Croatian classical music festival

Osor Musical Evenings (Osorske glazbene večeri) is a Croatian classical music festival that takes place in the historical town of Osor, on the island of Cres in the Kvarner Gulf. The festival was founded in 1976 by Daniel Marušić, a renowned Croatian TV and Opera director, who was its artistic and executive director until his death in 2009. The original idea behind the festival was to revive Osor during the summer, and to create a festival dedicated mostly to works by historical and contemporary Croatian composers. Although in the first decades festival held conferences, theater and opera productions and art exhibitions, today Osor Musical Evenings are oriented exclusively to musical programs, including classical and Contemporary classical music, and occasionally Early music and electronical music. The main concert hall is the late-15th century church of the Assumption of the Virgin Mary (the former cathedral of Osor), while other concert spaces are used, such as the main square in Osor and archeological site of St Peter church. For their outstanding contribution in the field of classical music in Croatia, the festival was declared national in 2011. The top notch musicians over the last several years include L'Arpeggiata and Christina Pluhar, Giovanni Sollima, Diana Haller, Renata Pokupić, Aleksandar Marković among others.

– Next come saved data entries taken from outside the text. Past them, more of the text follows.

(* Let $X$ be a compact metric space with metric $d$, let $L>0$, and let $f\colon X\to X$ be a continuous map with the $L$-Lipschitz shadowing property. Then $CR(f)$ is $f$-invariant and the restriction $f|_{CR(f)}\colon CR(f)\to CR(f)$ (with the restricted metric) also has the $L$-Lipschitz shadowing property.
   Context: For a continuous map $g\colon Y\to Y$ on a metric space $(Y,d)$ and $\delta>0$, a sequence $(x_i)_{i\ge0}$ in $Y$ is a $\delta$-pseudo orbit of $g$ if $d(g(x_i),x_{i+1})\le\delta$ for all $i\ge0$; it is $\epsilon$-shadowed by $y\in Y$ if $d(g^i(y),x_i)\le\epsilon$ for all $i\ge0$. $g$ has the $L$-Lipschitz shadowing property if there is $\delta_0>0$ such that for every $0<\delta\le\delta_0$, every $\delta$-pseudo orbit of $g$ is $L\delta$-shadowed by some point of $Y$. A $\delta$-chain of $f$ is a finite sequence $(x_i)_{i=0}^k$, $k\ge1$, with $d(f(x_i),x_{i+1})\le\delta$ for $0\le i\le k-1$; a $\delta$-cycle is one with $x_0=x_k$. $CR(f)$ is the set of $x\in X$ such that for every $\delta>0$ there is a $\delta$-cycle of $f$ with $x_0=x_k=x$. *)

theory Defs
  imports "HOL-Analysis.Analysis"
begin

text \<open>A metric space (Y,d) is modelled as a subset Y of a metric_space type with the
restricted metric dist; a self map g of Y is a function g with g ` Y \<subseteq> Y.\<close>

definition pseudo_orbit :: "'a::metric_space set \<Rightarrow> ('a \<Rightarrow> 'a) \<Rightarrow> real \<Rightarrow> (nat \<Rightarrow> 'a) \<Rightarrow> bool" where
  "pseudo_orbit Y g \<delta> xs \<longleftrightarrow> (\<forall>i. xs i \<in> Y) \<and> (\<forall>i. dist (g (xs i)) (xs (Suc i)) \<le> \<delta>)"

definition shadows :: "'a::metric_space set \<Rightarrow> ('a \<Rightarrow> 'a) \<Rightarrow> real \<Rightarrow> (nat \<Rightarrow> 'a) \<Rightarrow> 'a \<Rightarrow> bool" where
  "shadows Y g \<epsilon> xs y \<longleftrightarrow> y \<in> Y \<and> (\<forall>i. dist ((g ^^ i) y) (xs i) \<le> \<epsilon>)"

definition lipschitz_shadowing :: "'a::metric_space set \<Rightarrow> ('a \<Rightarrow> 'a) \<Rightarrow> real \<Rightarrow> bool" where
  "lipschitz_shadowing Y g L \<longleftrightarrow>
     (\<exists>\<delta>0>0. \<forall>\<delta>. 0 < \<delta> \<and> \<delta> \<le> \<delta>0 \<longrightarrow>
        (\<forall>xs. pseudo_orbit Y g \<delta> xs \<longrightarrow> (\<exists>y. shadows Y g (L * \<delta>) xs y)))"

definition delta_chain :: "'a::metric_space set \<Rightarrow> ('a \<Rightarrow> 'a) \<Rightarrow> real \<Rightarrow> (nat \<Rightarrow> 'a) \<Rightarrow> nat \<Rightarrow> bool" where
  "delta_chain X f \<delta> xs k \<longleftrightarrow> 1 \<le> k \<and> (\<forall>i\<le>k. xs i \<in> X) \<and> (\<forall>i<k. dist (f (xs i)) (xs (Suc i)) \<le> \<delta>)"

definition chain_recurrent_set :: "'a::metric_space set \<Rightarrow> ('a \<Rightarrow> 'a) \<Rightarrow> 'a set" where
  "chain_recurrent_set X f = {x \<in> X. \<forall>\<delta>>0. \<exists>xs k. delta_chain X f \<delta> xs k \<and> xs 0 = x \<and> xs k = x}"

end

theory Submission
  imports Defs
begin

(* The chain recurrent set CR(f) is closed, and f maps it into itself by uniform continuity.
   It is also covered by its image: the last points before x of 1/n-cycles through x
   accumulate at a chain recurrent preimage of x.  Going through such a preimage, every
   delta-step a -> b between points of CR(f) can be undone by a delta-chain from b back to a.
   So for a delta-pseudo orbit (x_i) in CR(f), the segment x_0, ..., x_(n+1) followed by a
   delta-chain back to x_0 is a periodic delta-pseudo orbit in X.  Its (L delta)-shadow,
   sampled once per period, accumulates at a point that lies in CR(f) (as a limit point of
   an orbit) and still (L delta)-shadows x_0, ..., x_n.  A limit point of these points as
   n grows shadows the whole pseudo orbit inside CR(f). *)

definition chain_reachable :: "'a::metric_space set \<Rightarrow> ('a \<Rightarrow> 'a) \<Rightarrow> real \<Rightarrow> 'a \<Rightarrow> 'a \<Rightarrow> bool" where
  "chain_reachable X f \<delta> a b \<longleftrightarrow> (\<exists>xs k. delta_chain X f \<delta> xs k \<and> xs 0 = a \<and> xs k = b)"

In the last 40 years around 300 new compositions were first performed in Osor, many of which were commissioned by the festival or dedicated to Osor. The major festival commission is Osor Trilogy: Osor Requiem (Boris Papandopulo, 1978), Osor Mystery (Boris Papandopulo, 1979), and Osor Cry (Berislav Šipuš, 2009) for soloists, mixed choir, and chamber orchestra. The first integral performance at the 37th Osor Musical evenings was recorded by Croatian Radiotelevision and was published as a triple DVD in 2013. First three decades of festival are well documented in a book by Dodi Komanov, Arkadija hrvatske glazbe: 30 godina festivala Osorske glazbene večeri (Arcady of Croatian music: 30 years of Osor Musical Evenings) published by the festival in 2006.